- **Exercise description**
Which lines make up the answer? Those from the line with "using \<alpha> primitive_element_if_prime_card_minus_one[OF" through the end of the data; reproduce them exactly.

Stored data

(* Let $n$ be a positive integer such that $2^n-1\geq 7$ is a prime. Then for every $a\in\mathbb{F}_2$ there exists a primitive element $\alpha\in\mathbb{F}_{2^n}$ such that $\alpha+\alpha^{-1}$ is also primitive and $\mathrm{Tr}_{\mathbb{F}_{2^n}|\mathbb{F}_2}(\alpha)=a$.
   Context: A primitive element of $\mathbb{F}_{2^n}$ is a generator of $\mathbb{F}_{2^n}^*$. $\mathrm{Tr}_{\mathbb{F}_{2^n}|\mathbb{F}_2}(\alpha)=\alpha+\alpha^2+\cdots+\alpha^{2^{n-1}}$. *)

theory Defs
  imports Main "HOL-Computational_Algebra.Primes" "HOL-Library.Cardinality"
begin

definition primitive_element :: "'a::{field,finite} \<Rightarrow> bool" where
  "primitive_element \<alpha> \<longleftrightarrow> \<alpha> \<noteq> 0 \<and> (\<forall>x. x \<noteq> 0 \<longrightarrow> (\<exists>k::nat. x = \<alpha> ^ k))"

definition trace2 :: "nat \<Rightarrow> 'a::field \<Rightarrow> 'a" where
  "trace2 n \<alpha> = (\<Sum>i<n. \<alpha> ^ (2 ^ i))"

end

theory Submission
  imports Defs "HOL-Computational_Algebra.Polynomial"
begin

text \<open>
  Since \<open>2^n - 1\<close> is prime, the multiplicative group of the field with \<open>2^n\<close> elements has
  prime order, so every element other than \<open>0\<close> and \<open>1\<close> is primitive. The trace takes only
  the values \<open>0\<close> and \<open>1\<close> and is a polynomial of degree \<open>2^(n-1)\<close>, so each of its two
  fibres has at most, hence exactly, \<open>2^(n-1) \<ge> 4\<close> elements; pick \<open>\<alpha> \<notin> {0, 1}\<close> in the
  required fibre. Then \<open>\<alpha> + \<alpha>\<inverse> = 0\<close> or \<open>1\<close> would force \<open>\<alpha>\<^sup>2 = 1\<close> or \<open>\<alpha>\<^sup>3 = 1\<close>
  in characteristic 2, impossible for an element of prime order \<open>2^n - 1 \<ge> 7\<close>.
\<close>

lemma field_power_card_minus_one:
  fixes x :: "'a::{field,finite}"
  assumes "x \<noteq> 0"
  shows "x ^ (CARD('a) - 1) = 1"
proof -
  let ?U = "UNIV - {0::'a}"
  have "(\<Prod>y\<in>?U. x * y) = (\<Prod>y\<in>?U. y)"
    by (rule prod.reindex_bij_witness[of _ "\<lambda>y. y / x" "\<lambda>y. x * y"]) (use assms in auto)
  moreover have "(\<Prod>y\<in>?U. x * y) = x ^ card ?U * (\<Prod>y\<in>?U. y)"
    by (simp add: prod.distrib)
  moreover have "card ?U = CARD('a) - 1"
    by (simp add: card_Diff_subset)
  moreover have "(\<Prod>y\<in>?U. y) \<noteq> 0"
    by simp
  ultimately show ?thesis
    by (metis mult_cancel_right1)
qed

lemma field_power_card:
  fixes x :: "'a::{field,finite}"
  shows "x ^ CARD('a) = x"
proof (cases "x = 0")
  case False
  have "CARD('a) = Suc (CARD('a) - 1)"
    by simp
  then show ?thesis
    using field_power_card_minus_one[OF False] by (metis power_Suc2 mult_1)
qed simp

lemma CHAR_eq_2_if_even_card:
  assumes "even CARD('a::{field,finite})"
  shows "CHAR('a) = 2"
proof -
  have "(-1::'a) = (-1) ^ (CARD('a) - 1)"
    using assms by (simp add: odd_pos)
  also have "\<dots> = 1"
    by (rule field_power_card_minus_one) simp
  finally have "(2::'a) = 0"
    by (metis one_add_one add.right_inverse)
  then have "CHAR('a) dvd 2"
    using of_nat_eq_0_iff_char_dvd[where 'a='a, of 2] by simp
  then show ?thesis
    by (metis CHAR_not_1 One_nat_def prime_nat_iff two_is_prime_nat)
qed

lemma coprime_powers_eq_1_imp_eq_1:
  fixes x :: "'a::monoid_mult"
  assumes "x ^ p = 1" "x ^ m = 1" "coprime p m"
  shows "x = 1"
proof (cases "m = 0")
  case True
  then show ?thesis
    using assms by simp
next
  case False
  obtain u v where "m * u = p * v + 1"
    using bezout_nat[of m p] False assms(3) by (auto simp: coprime_iff_gcd_eq_1 gcd.commute)
  then have "x = x ^ (m * u)"
    using assms(1) by (simp add: power_add power_mult)
  then show ?thesis
    using assms(2) by (simp add: power_mult)
qed

lemma primitive_element_if_prime_card_minus_one:
  fixes x :: "'a::{field,finite}"
  assumes "prime (CARD('a) - 1)" "x \<noteq> 0" "x \<noteq> 1"
  shows "primitive_element x"
proof -
  define p where "p = CARD('a) - 1"
  have "x ^ p = 1"
    using field_power_card_minus_one assms(2) p_def by blast
  have "inj_on (\<lambda>k. x ^ k) {..<p}"
  proof (rule linorder_inj_onI')
    fix i j assume "i \<in> {..<p}" "j \<in> {..<p}" "i < j"
    show "x ^ i \<noteq> x ^ j"
    proof
      assume "x ^ i = x ^ j"
      then have "x ^ (j - i) = 1"
        using \<open>i < j\<close> assms(2) by (simp add: power_diff)
      moreover have "coprime p (j - i)"
        using assms(1) \<open>i < j\<close> \<open>j \<in> {..<p}\<close>
        by (intro prime_imp_coprime) (auto simp: p_def dest: dvd_imp_le)
      ultimately show False
        using coprime_powers_eq_1_imp_eq_1[OF \<open>x ^ p = 1\<close>] assms(3) by blast
    qed
  qed
  then have "card ((\<lambda>k. x ^ k) ` {..<p}) = card (UNIV - {0::'a})"
    by (simp add: card_image card_Diff_subset p_def)
  moreover have "(\<lambda>k. x ^ k) ` {..<p} \<subseteq> UNIV - {0}"
    using assms(2) by auto
  ultimately have "(\<lambda>k. x ^ k) ` {..<p} = UNIV - {0}"
    by (simp add: card_subset_eq)
  then show ?thesis
    unfolding primitive_element_def using assms(2) by blast
qed

lemma trace2_square:
  fixes x :: "'a::field"
  assumes "CHAR('a) = 2" "x ^ 2 ^ n = x"
  shows "trace2 n x ^ 2 = trace2 n x"
proof -
  let ?f = "\<lambda>i. x ^ 2 ^ i"
  have "?f 0 + (\<Sum>i<n. ?f (Suc i)) = (\<Sum>i<Suc n. ?f i)"
    by (rule sum.lessThan_Suc_shift[symmetric])
  also have "\<dots> = ?f 0 + trace2 n x"
    using assms(2) by (simp add: trace2_def add.commute)
  finally have shift: "(\<Sum>i<n. ?f (Suc i)) = trace2 n x"
    by simp
  have "trace2 n x ^ 2 = (\<Sum>i<n. ?f i ^ 2)"
    unfolding trace2_def using assms(1) by (intro freshmans_dream_sum) simp_all
  also have "\<dots> = (\<Sum>i<n. ?f (Suc i))"
    by (simp add: power_mult[symmetric] mult.commute)
  finally show ?thesis
    using shift by simp
qed

lemma trace2_eq_0_or_1:
  fixes x :: "'a::field"
  assumes "CHAR('a) = 2" "x ^ 2 ^ n = x"
  shows "trace2 n x = 0 \<or> trace2 n x = 1"
proof -
  have "trace2 n x * (trace2 n x - 1) = 0"
    using trace2_square[OF assms] by (simp add: power2_eq_square algebra_simps)
  then show ?thesis
    by simp
qed

lemma card_trace2_fibre_le:
  fixes b :: "'a::field"
  assumes "n > 0"
  shows "card {x. trace2 n x = b} \<le> 2 ^ (n - 1)"
proof -
  define P where "P = (\<Sum>i<n. monom (1::'a) (2 ^ i)) - [:b:]"
  have "degree P \<le> 2 ^ (n - 1)"
    unfolding P_def
  proof (intro degree_diff_le degree_sum_le)
    fix i assume "i \<in> {..<n}"
    then have "(2::nat) ^ i \<le> 2 ^ (n - 1)"
      by (intro power_increasing) auto
    then show "degree (monom (1::'a) (2 ^ i)) \<le> 2 ^ (n - 1)"
      by (simp add: degree_monom_eq)
  qed auto
  have "coeff [:b:] (2 ^ (n - 1)) = 0"
    by (metis coeff_pCons_Suc coeff_0 not0_implies_Suc power_not_zero zero_neq_numeral)
  then have "coeff P (2 ^ (n - 1)) = 1"
    using assms by (simp add: P_def coeff_sum coeff_monom power_inject_exp
        sum.delta'[of "{..<n}" "n - 1" "\<lambda>_. 1", simplified])
  then have "P \<noteq> 0"
    by auto
  then have "card {x. poly P x = 0} \<le> degree P"
    by (rule card_poly_roots_bound)
  moreover have "{x. poly P x = 0} = {x. trace2 n x = b}"
    by (simp add: P_def trace2_def poly_sum poly_monom)
  ultimately show ?thesis
    using \<open>degree P \<le> 2 ^ (n - 1)\<close> by simp
qed

lemma card_trace2_fibre:
  fixes b :: "'a::{field,finite}"
  assumes "CARD('a) = 2 ^ n" "n > 0" "b = 0 \<or> b = 1"
  shows "card {x. trace2 n x = b} = 2 ^ (n - 1)"
proof -
  have "CHAR('a) = 2"
    using assms(1,2) by (intro CHAR_eq_2_if_even_card) simp
  then have trace_0_or_1: "trace2 n x = 0 \<or> trace2 n x = 1" for x :: 'a
    using field_power_card[of x] assms(1) by (intro trace2_eq_0_or_1) simp_all
  have "x \<in> {x. trace2 n x = b} \<union> {x. trace2 n x = 1 - b}" for x :: 'a
    using trace_0_or_1[of x] assms(3) by auto
  then have "{x. trace2 n x = b} \<union> {x. trace2 n x = 1 - b} = UNIV"
    by blast
  moreover have "{x. trace2 n x = b} \<inter> {x. trace2 n x = 1 - b} = {}"
    using assms(3) by auto
  ultimately have "card {x. trace2 n x = b} + card {x. trace2 n x = 1 - b} = 2 * 2 ^ (n - 1)"
    using assms(1,2) card_Un_disjoint[of "{x. trace2 n x = b}" "{x. trace2 n x = 1 - b}"]
    by (simp flip: power_Suc)
  then show ?thesis
    using card_trace2_fibre_le[OF assms(2), of b] card_trace2_fibre_le[OF assms(2), of "1 - b"]
    by linarith
qed

lemma add_inverse_eq_0_imp_square:
  fixes x :: "'a::field"
  assumes "x \<noteq> 0" "x + inverse x = 0"
  shows "x ^ 2 = -1"
proof -
  have "x * (x + inverse x) = 0"
    using assms(2) by simp
  then show ?thesis
    using assms(1) by (simp add: power2_eq_square distrib_left eq_neg_iff_add_eq_0)
qed

lemma add_inverse_eq_1_imp_cube:
  fixes x :: "'a::field"
  assumes "x \<noteq> 0" "x + inverse x = 1"
  shows "x ^ 3 = -1"
proof -
  have "x * x = x - 1"
    using assms by (simp add: field_simps)
  then have "x ^ 3 = x * (x - 1)"
    by (simp add: power3_eq_cube mult.assoc)
  also have "\<dots> = -1"
    using \<open>x * x = x - 1\<close> by (simp add: algebra_simps)
  finally show ?thesis .
qed

theorem lemma6p1:
  fixes n :: nat and a :: "'a::{field,finite}"
  assumes "n > 0"
    and "prime (2 ^ n - 1 :: nat)"
    and "(2 ^ n - 1 :: nat) \<ge> 7"
    and "CARD('a) = 2 ^ n"
    and "a = 0 \<or> a = 1"
  shows "\<exists>\<alpha>::'a. primitive_element \<alpha> \<and> primitive_element (\<alpha> + inverse \<alpha>) \<and> trace2 n \<alpha> = a"
proof -
  have prime_card: "prime (CARD('a) - 1)"
    using assms(2,4) by simp
  have "card {0::'a, 1} < card {x. trace2 n x = a}"
    using assms(1,3) card_trace2_fibre[OF assms(4,1,5)] by (cases n) auto
  then have "\<not> {x. trace2 n x = a} \<subseteq> {0, 1}"
    using card_mono[of "{0::'a, 1}" "{x. trace2 n x = a}"] by auto
  then obtain \<alpha> where \<alpha>: "trace2 n \<alpha> = a" "\<alpha> \<noteq> 0" "\<alpha> \<noteq> 1"
    by blast
  have small_order: "\<alpha> ^ m \<noteq> 1" if "m \<in> {2, 3}" for m
  proof
    assume "\<alpha> ^ m = 1"
    moreover have "coprime (CARD('a) - 1) m"
      using prime_card assms(3,4) that by (intro prime_imp_coprime) (auto dest: dvd_imp_le)
    ultimately show False
      using coprime_powers_eq_1_imp_eq_1 field_power_card_minus_one \<alpha>(2,3) by blast
  qed
  have "(-1::'a) = 1"
    using assms(1,4) by (intro uminus_CHAR_2 CHAR_eq_2_if_even_card) simp
  then have "\<alpha> + inverse \<alpha> \<noteq> 0" "\<alpha> + inverse \<alpha> \<noteq> 1"
    using add_inverse_eq_0_imp_square[OF \<alpha>(2)] add_inverse_eq_1_imp_cube[OF \<alpha>(2)]
      small_order[of 2] small_order[of 3] by force+
  then show ?thesis
    using \<alpha> primitive_element_if_prime_card_minus_one[OF prime_card] by blast
qed

end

- **Written response**
    using \<alpha> primitive_element_if_prime_card_minus_one[OF prime_card] by blast
qed

end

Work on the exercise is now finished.